The first year my son attended North Star [part of the Uncommon Schools network] was the first year I didn’t have to pay for tutoring. And when there are 22 kids in a classroom there are two teachers, not one.

Laura: How did you get him into North Star? Why did you choose that school?

Jasmine: I had heard of North Star because as a teenager I met some kids from there through a youth council. I thought those kids were amazing. Meanwhile we had moved back to Newark — I felt we had a better chance because I knew the system  — and I went ahead and entered my son in the lottery. He got picked the first time! Moving back to Newark was the best decision I ever made.

Laura: What was the transition like for him from West Orange schools to North Star?

Jasmine: I thought it was going to be horrible: uniforms, rules, homework seven days a week. As soon as he made it in I went to the school and said, “we’re going to have to work together because he is very disorganized.” That’s what they had told me in West Orange. But when I went to my first parent-teacher conference at North Star the teacher told me, “he doesn’t have any organizational problems.” In fact, he was Student of the Month! We were blown away. It was like we were meant to be there. There are 22 kids in the classroom, just like West Orange, but instead of one teacher there is two.

And those teachers are just so supportive. I can text them anything — say, I’m working with my son on some new mental math exercises and I want to know if they see any difference in the classroom — and they’ll text me right back. Or sometimes they’ll call me or text me to say they had to take away a star because he misbehaved. That’s how it should be: parents are members of the team. If my boy is having a bad day I’ll bring him to Dean Benson and he’ll talk him down.

Laura: What’s the schoolwork like?

Jasmine: They’re in 4th grade, but they’re touching 6th grade-level math. There’s a lot of emphasis on writing comprehensive analyses. He has to have a theory, a conclusion, evidence. It’s all critical thinking, which was absent from West Orange, where it was all memorize, memorize, memorize.

I’ll tell you this: he brings that critical thinking home! I can’t get anything past him! That’s my only complaint.

Laura: And you have a five year-old there now in kindergarten, right?

Jasmine: Yes. He went to Head Start, which is exploration through play. North Star is not exploration through play. He’s only five and he can read! You remember what happened with the cupcakes in West Orange where they wouldn’t even let me into the classroom on my boy’s birthday? At North Star I texted the teacher and asked if I could come in to see the reading program. She welcomed me in — what a contrast.

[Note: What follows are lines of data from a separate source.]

section \<open>Thin layers around a circle\<close>

lemma abs_diff_le_sqrt_sum_squares_diff:
  fixes a b c :: real
  assumes "\<bar>a\<bar> \<le> \<bar>b\<bar>" "\<bar>b\<bar> \<le> \<bar>c\<bar>"
  shows "\<bar>c\<bar> - \<bar>b\<bar> \<le> 2 * (sqrt (a\<^sup>2 + c\<^sup>2) - sqrt (a\<^sup>2 + b\<^sup>2))"
proof -
  define B C where "B = sqrt (a\<^sup>2 + b\<^sup>2)" and "C = sqrt (a\<^sup>2 + c\<^sup>2)"
  have squares: "a\<^sup>2 \<le> b\<^sup>2" "b\<^sup>2 \<le> c\<^sup>2"
    using assms by (simp_all add: abs_le_square_iff)
  then have "a\<^sup>2 + b\<^sup>2 \<le> (2 * \<bar>b\<bar>)\<^sup>2" "a\<^sup>2 + c\<^sup>2 \<le> (2 * \<bar>c\<bar>)\<^sup>2"
    by (simp_all add: power_mult_distrib) (use zero_le_power2[of b] zero_le_power2[of c] in linarith)+
  then have "C + B \<le> 2 * (\<bar>c\<bar> + \<bar>b\<bar>)"
    unfolding B_def C_def by (simp add: add_mono real_le_lsqrt)
  moreover have "0 \<le> C - B"
    using squares by (simp add: B_def C_def)
  ultimately have "(C - B) * (C + B) \<le> (C - B) * (2 * (\<bar>c\<bar> + \<bar>b\<bar>))"
    by (rule mult_left_mono)
  moreover have "(C - B) * (C + B) = (\<bar>c\<bar> - \<bar>b\<bar>) * (\<bar>c\<bar> + \<bar>b\<bar>)"
  proof -
    have "(C - B) * (C + B) = C\<^sup>2 - B\<^sup>2"
      by (simp add: algebra_simps power2_eq_square)
    also have "\<dots> = \<bar>c\<bar>\<^sup>2 - \<bar>b\<bar>\<^sup>2"
      by (simp add: B_def C_def)
    also have "\<dots> = (\<bar>c\<bar> - \<bar>b\<bar>) * (\<bar>c\<bar> + \<bar>b\<bar>)"
      by (simp add: algebra_simps power2_eq_square)
    finally show ?thesis .
  qed
  ultimately have product: "(\<bar>c\<bar> - \<bar>b\<bar>) * (\<bar>c\<bar> + \<bar>b\<bar>) \<le> (2 * (C - B)) * (\<bar>c\<bar> + \<bar>b\<bar>)"
    by (simp add: algebra_simps)
  show ?thesis
  proof (cases "\<bar>c\<bar> + \<bar>b\<bar> = 0")
    case False
    then have "0 < \<bar>c\<bar> + \<bar>b\<bar>"
      using abs_ge_zero[of c] abs_ge_zero[of b] by linarith
    with product show ?thesis
      unfolding B_def C_def by (rule mult_right_le_imp_le)
  qed (simp add: add_nonneg_eq_0_iff)
qed

lemma emeasure_circle_layer_slice_le:
  fixes a t s :: real
  shows "emeasure lborel {b. \<bar>a\<bar> \<le> \<bar>b\<bar> \<and> \<bar>t - sqrt (a\<^sup>2 + b\<^sup>2)\<bar> \<le> s} \<le> ennreal (16 * s)"
proof (cases "{b. \<bar>a\<bar> \<le> \<bar>b\<bar> \<and> \<bar>t - sqrt (a\<^sup>2 + b\<^sup>2)\<bar> \<le> s} = {}")
  case False
  define E where "E = {b. \<bar>a\<bar> \<le> \<bar>b\<bar> \<and> \<bar>t - sqrt (a\<^sup>2 + b\<^sup>2)\<bar> \<le> s}"
  obtain b0 where b0: "b0 \<in> E"
    using False by (auto simp: E_def)
  have close: "\<bar>c\<bar> - \<bar>b\<bar> \<le> 4 * s" if "b \<in> E" "c \<in> E" "\<bar>b\<bar> \<le> \<bar>c\<bar>" for b c
  proof -
    have "sqrt (a\<^sup>2 + c\<^sup>2) - sqrt (a\<^sup>2 + b\<^sup>2) \<le> 2 * s"
      using that by (auto simp: E_def abs_le_iff)
    then show ?thesis
      using abs_diff_le_sqrt_sum_squares_diff[of a b c] that by (auto simp: E_def)
  qed
  have "E \<subseteq> {\<bar>b0\<bar> - 4 * s..\<bar>b0\<bar> + 4 * s} \<union> {- \<bar>b0\<bar> - 4 * s..- \<bar>b0\<bar> + 4 * s}"
  proof
    fix b
    assume "b \<in> E"
    then have "\<bar>\<bar>b\<bar> - \<bar>b0\<bar>\<bar> \<le> 4 * s"
      using close[of b b0] close[of b0 b] b0 by (cases "\<bar>b\<bar> \<le> \<bar>b0\<bar>") auto
    then show "b \<in> {\<bar>b0\<bar> - 4 * s..\<bar>b0\<bar> + 4 * s} \<union> {- \<bar>b0\<bar> - 4 * s..- \<bar>b0\<bar> + 4 * s}"
      by (cases "0 \<le> b") auto
  qed
  then have "emeasure lborel E
      \<le> emeasure lborel ({\<bar>b0\<bar> - 4 * s..\<bar>b0\<bar> + 4 * s} \<union> {- \<bar>b0\<bar> - 4 * s..- \<bar>b0\<bar> + 4 * s})"
    by (intro emeasure_mono) auto
  also have "\<dots> \<le> emeasure lborel {\<bar>b0\<bar> - 4 * s..\<bar>b0\<bar> + 4 * s}
      + emeasure lborel {- \<bar>b0\<bar> - 4 * s..- \<bar>b0\<bar> + 4 * s}"
    by (rule emeasure_subadditive) auto
  also have "\<dots> = ennreal (16 * s)"
    using b0 by (auto simp: E_def ennreal_plus[symmetric] simp del: ennreal_plus)
  finally show ?thesis
    unfolding E_def .
next
  case True
  show ?thesis
    unfolding True by simp
qed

Laura: I’ve heard some people say that charter schools are too rigid. Do you find that to be the case with your sons?

Jasmine: I find they need the structure. Not that we don’t have structure at home, but I tend to let them loose there. I appreciate the structure. I incorporate some of it at home, some of the  positive reinforcement.

I’ve always been very observant about my children’s environment. My first concern with schooling was safety. Then, once that’s secured, it’s about what more they can do academically. I just love that at North Star they don’t set boundaries for the children. We say “it’s too rigorous” but the flip side of that is they can go somewhere where there’s no cap on what they can achieve. With the rigor comes endless possibilities. I never had that. But now I can give it to my kids. It’s one of the best gifts they’ll ever get from me. God bless that we have this.

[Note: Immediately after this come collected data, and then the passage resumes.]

lemma poly2_eq_0_on_grid:
  assumes "infinite A" "infinite B" and zero: "\<And>x y. x \<in> A \<Longrightarrow> y \<in> B \<Longrightarrow> poly2 P x y = 0"
  shows "P = 0"
proof -
  have "poly P [:y:] = 0" if "y \<in> B" for y
    using zero[OF _ that] assms(1) infinite_super[of A]
    by (intro poly_eqI_infinite) (auto simp: poly2_def subset_iff)
  then have "map_poly (\<lambda>q. coeff q j) P = 0" for j
    using zero assms(2) infinite_super[of B]
    by (intro poly_eqI_infinite) (auto simp: coeff_poly_const[symmetric] subset_iff)
  then show ?thesis
    by (metis coeff_map_poly coeff_0 poly_eqI)
qed

definition specialises_to_alternating ::
    "nat \<Rightarrow> (rat poly poly \<Rightarrow> (nat \<Rightarrow> nat) \<Rightarrow> rat poly poly) \<Rightarrow> bool \<Rightarrow> bool \<Rightarrow> bool" where
  "specialises_to_alternating n S e p \<longleftrightarrow>
     (\<forall>t x y L. 2 \<le> L \<longrightarrow> even L = p \<longrightarrow> poly2 t x y = of_nat L \<longrightarrow>
        (\<lambda>\<pi>. poly2 (S t \<pi>) x y) = count_series n (alternating_chain e L))"

lemma specialises_to_alternatingD:
  assumes "specialises_to_alternating n S e p" "2 \<le> L" "even L = p" "poly2 t x y = of_nat L"
  shows "poly2 (S t \<pi>) x y = count_series n (alternating_chain e L) \<pi>"
  using assms unfolding specialises_to_alternating_def by metis

lemma specialises_to_alternating_gen_series:
  fixes s :: "rat poly poly \<Rightarrow> rat poly poly"
  assumes Zf: "\<And>k. 1 \<le> k \<Longrightarrow> Zf k = alternating_chain e (2 * k + (if p then 0 else 1))"
    and s: "\<And>t x y. poly2 (s t) x y = (poly2 t x y - (if p then 0 else 1)) / 2"
  shows "specialises_to_alternating n (\<lambda>t. gen_series n Zf (s t)) e p"
  unfolding specialises_to_alternating_def
proof (intro allI impI ext)
  fix t x y L \<pi> assume L: "2 \<le> L" "even L = p" and t: "poly2 t x y = of_nat L"
  define k where "k = L div 2"
  have Lk: "L = 2 * k + (if p then 0 else 1)" "1 \<le> k"
    using L by (auto simp: k_def)
  then have "poly2 (s t) x y = of_nat k"
    using s[of t x y] t by (cases p) simp_all
  moreover have "\<exists>q. \<forall>k\<ge>1. poly q (of_nat k) = (of_nat (Ncount n \<pi> (Zf k)) :: rat)"
    using Ncount_alternating_chain_polynomial[of n \<pi> e "if p then 0 else 1"] Zf by metis
  ultimately show "poly2 (gen_series n Zf (s t) \<pi>) x y = count_series n (alternating_chain e L) \<pi>"
    using poly_omega_poly[OF _ Lk(2)] Zf[OF Lk(2)] Lk(1)
    by (simp add: gen_series_def count_series_def)
qed

lemma specialises_to_alternating_rho: "specialises_to_alternating n (rho n) False True"
  unfolding rho_def[abs_def]
  by (rule specialises_to_alternating_gen_series) (simp_all add: Z_prime_eq_alternating_chain)

lemma specialises_to_alternating_rho_bar: "specialises_to_alternating n (rho_bar n) True True"
  unfolding rho_bar_def[abs_def]
  by (rule specialises_to_alternating_gen_series) (simp_all add: Z_bar_eq_alternating_chain)

lemma specialises_to_alternating_rho_l: "specialises_to_alternating n (rho_l n) True False"
  unfolding rho_l_def[abs_def]
  by (rule specialises_to_alternating_gen_series) (simp_all add: Z_left_eq_alternating_chain)

lemma specialises_to_alternating_rho_r: "specialises_to_alternating n (rho_r n) False False"
  unfolding rho_r_def[abs_def]
  by (rule specialises_to_alternating_gen_series) (simp_all add: Z_right_eq_alternating_chain)

lemma infinite_parity_class: "infinite {of_nat L :: rat | L. 2 \<le> L \<and> even L = p}"
proof -
  have "infinite {L :: nat. 2 \<le> L \<and> even L = p}"
    unfolding infinite_nat_iff_unbounded_le
  proof
    fix m :: nat
    show "\<exists>L\<ge>m. L \<in> {L. 2 \<le> L \<and> even L = p}"
      by (intro exI[of _ "2 * m + 2 + (if p then 0 else 1)"]) auto
  qed
  then show ?thesis
    using infinite_of_nat_image by (simp add: setcompr_eq_image)
qed

lemma galg_mult_specialises_to_alternating:
  assumes S: "specialises_to_alternating n S e\<^sub>1 p\<^sub>1"
    and T: "specialises_to_alternating n T e\<^sub>2 p\<^sub>2"
    and U: "specialises_to_alternating n U e\<^sub>3 p\<^sub>3"
    and e\<^sub>3: "e\<^sub>3 = (if p\<^sub>1 then e\<^sub>1 else e\<^sub>1 = e\<^sub>2)" and p\<^sub>3: "p\<^sub>3 = (p\<^sub>1 \<or> p\<^sub>2)"
    and st: "(s, t) = (Xv, Yv) \<or> (s, t) = (Yv, Xv)"
  shows "galg_mult n (S s) (T t) = U (Xv * Yv)"
proof
  fix \<sigma>
  define grid where "grid p = {of_nat L :: rat | L. 2 \<le> L \<and> even L = p}" for p
  obtain A B where A: "infinite A" and B: "infinite B"
    and AB: "\<And>x y. x \<in> A \<Longrightarrow> y \<in> B \<Longrightarrow> poly2 s x y \<in> grid p\<^sub>1 \<and> poly2 t x y \<in> grid p\<^sub>2"
    using st infinite_parity_class that[of "grid p\<^sub>1" "grid p\<^sub>2"] that[of "grid p\<^sub>2" "grid p\<^sub>1"]
    by (auto simp: grid_def)
  have "poly2 (galg_mult n (S s) (T t) \<sigma> - U (Xv * Yv) \<sigma>) x y = 0" if xy: "x \<in> A" "y \<in> B" for x y
  proof -
    obtain L\<^sub>1 L\<^sub>2 where L: "2 \<le> L\<^sub>1" "even L\<^sub>1 = p\<^sub>1" "poly2 s x y = of_nat L\<^sub>1"
      "2 \<le> L\<^sub>2" "even L\<^sub>2 = p\<^sub>2" "poly2 t x y = of_nat L\<^sub>2"
      using AB[OF xy] by (auto simp: grid_def)
    have L\<^sub>1\<^sub>2: "2 \<le> L\<^sub>1 * L\<^sub>2" "even (L\<^sub>1 * L\<^sub>2) = p\<^sub>3" "poly2 (Xv * Yv) x y = of_nat (L\<^sub>1 * L\<^sub>2)"
      using st L p\<^sub>3 by (auto intro: order.trans[OF _ mult_le_mono1[of 1 L\<^sub>1 L\<^sub>2]])
    have "alternating_chain e\<^sub>1 L\<^sub>1 \<noteq> []"
      using L(1) by (auto simp flip: length_0_conv)
    have "poly2 (galg_mult n (S s) (T t) \<sigma>) x y = galg_mult n
        (count_series n (alternating_chain e\<^sub>1 L\<^sub>1)) (count_series n (alternating_chain e\<^sub>2 L\<^sub>2)) \<sigma>"
      using specialises_to_alternatingD[OF S L(1-3)] specialises_to_alternatingD[OF T L(4-6)]
      by (simp add: poly2_galg_mult)
    also have "\<dots> = count_series n (alternating_chain e\<^sub>3 (L\<^sub>1 * L\<^sub>2)) \<sigma>"
      by (simp add: galg_mult_count_series[OF \<open>alternating_chain e\<^sub>1 L\<^sub>1 \<noteq> []\<close>]
          chain_prod_alternating_chain e\<^sub>3 L(2))
    also have "\<dots> = poly2 (U (Xv * Yv) \<sigma>) x y"
      using specialises_to_alternatingD[OF U L\<^sub>1\<^sub>2] by simp
    finally show ?thesis
      by simp
  qed
  then have "galg_mult n (S s) (T t) \<sigma> - U (Xv * Yv) \<sigma> = 0"
    by (rule poly2_eq_0_on_grid[OF A B])
  then show "galg_mult n (S s) (T t) \<sigma> = U (Xv * Yv) \<sigma>"
    by simp
qed

theorem theorem3p5:
  fixes n :: nat
  assumes "n \<ge> 1"
  shows "galg_mult n (rho n Xv) (rho_l n Yv) = rho n (Xv * Yv) \<and>
    galg_mult n (rho_l n Yv) (rho n Xv) = rho n (Xv * Yv) \<and>
    galg_mult n (rho_bar n Xv) (rho_l n Yv) = rho_bar n (Xv * Yv) \<and>
    galg_mult n (rho_l n Yv) (rho_bar n Xv) = rho_bar n (Xv * Yv) \<and>
    galg_mult n (rho n Xv) (rho_r n Yv) = rho n (Xv * Yv) \<and>
    galg_mult n (rho_r n Yv) (rho_bar n Xv) = rho n (Xv * Yv) \<and>
    galg_mult n (rho_bar n Xv) (rho_r n Yv) = rho_bar n (Xv * Yv) \<and>
    galg_mult n (rho_r n Yv) (rho n Xv) = rho_bar n (Xv * Yv)"
proof -
  note mult = galg_mult_specialises_to_alternating
  note rho = specialises_to_alternating_rho and rho_bar = specialises_to_alternating_rho_bar
    and rho_l = specialises_to_alternating_rho_l and rho_r = specialises_to_alternating_rho_r
  show ?thesis
    using mult[OF rho rho_l rho, of Xv Yv] mult[OF rho_l rho rho, of Yv Xv]
      mult[OF rho_bar rho_l rho_bar, of Xv Yv] mult[OF rho_l rho_bar rho_bar, of Yv Xv]
      mult[OF rho rho_r rho, of Xv Yv] mult[OF rho_r rho_bar rho, of Yv Xv]
      mult[OF rho_bar rho_r rho_bar, of Xv Yv] mult[OF rho_r rho rho_bar, of Yv Xv]
    by simp
qed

Laura: What do you think of Governor Murphy talking about taking a “pause” on charter expansion so they can study the law?

Jasmine: I say this: don’t fix what’s not broken. Let’s focus on what’s not working. Charters are working! I would also say, from those who argue that charters are draining funds from the district, that NPS is not a corporation. It’s not an employment agency. It is a service. And it has to serve who it’s intended to serve, and that’s educating kids.

Laura: Is there anything else you’d like NJLB readers to know?

Jasmine: Just that I brought many Essex County parents together in Newark on Election Day for an event called “Charter Families Rock the Boat.”  We celebrated voting and our right to make choices!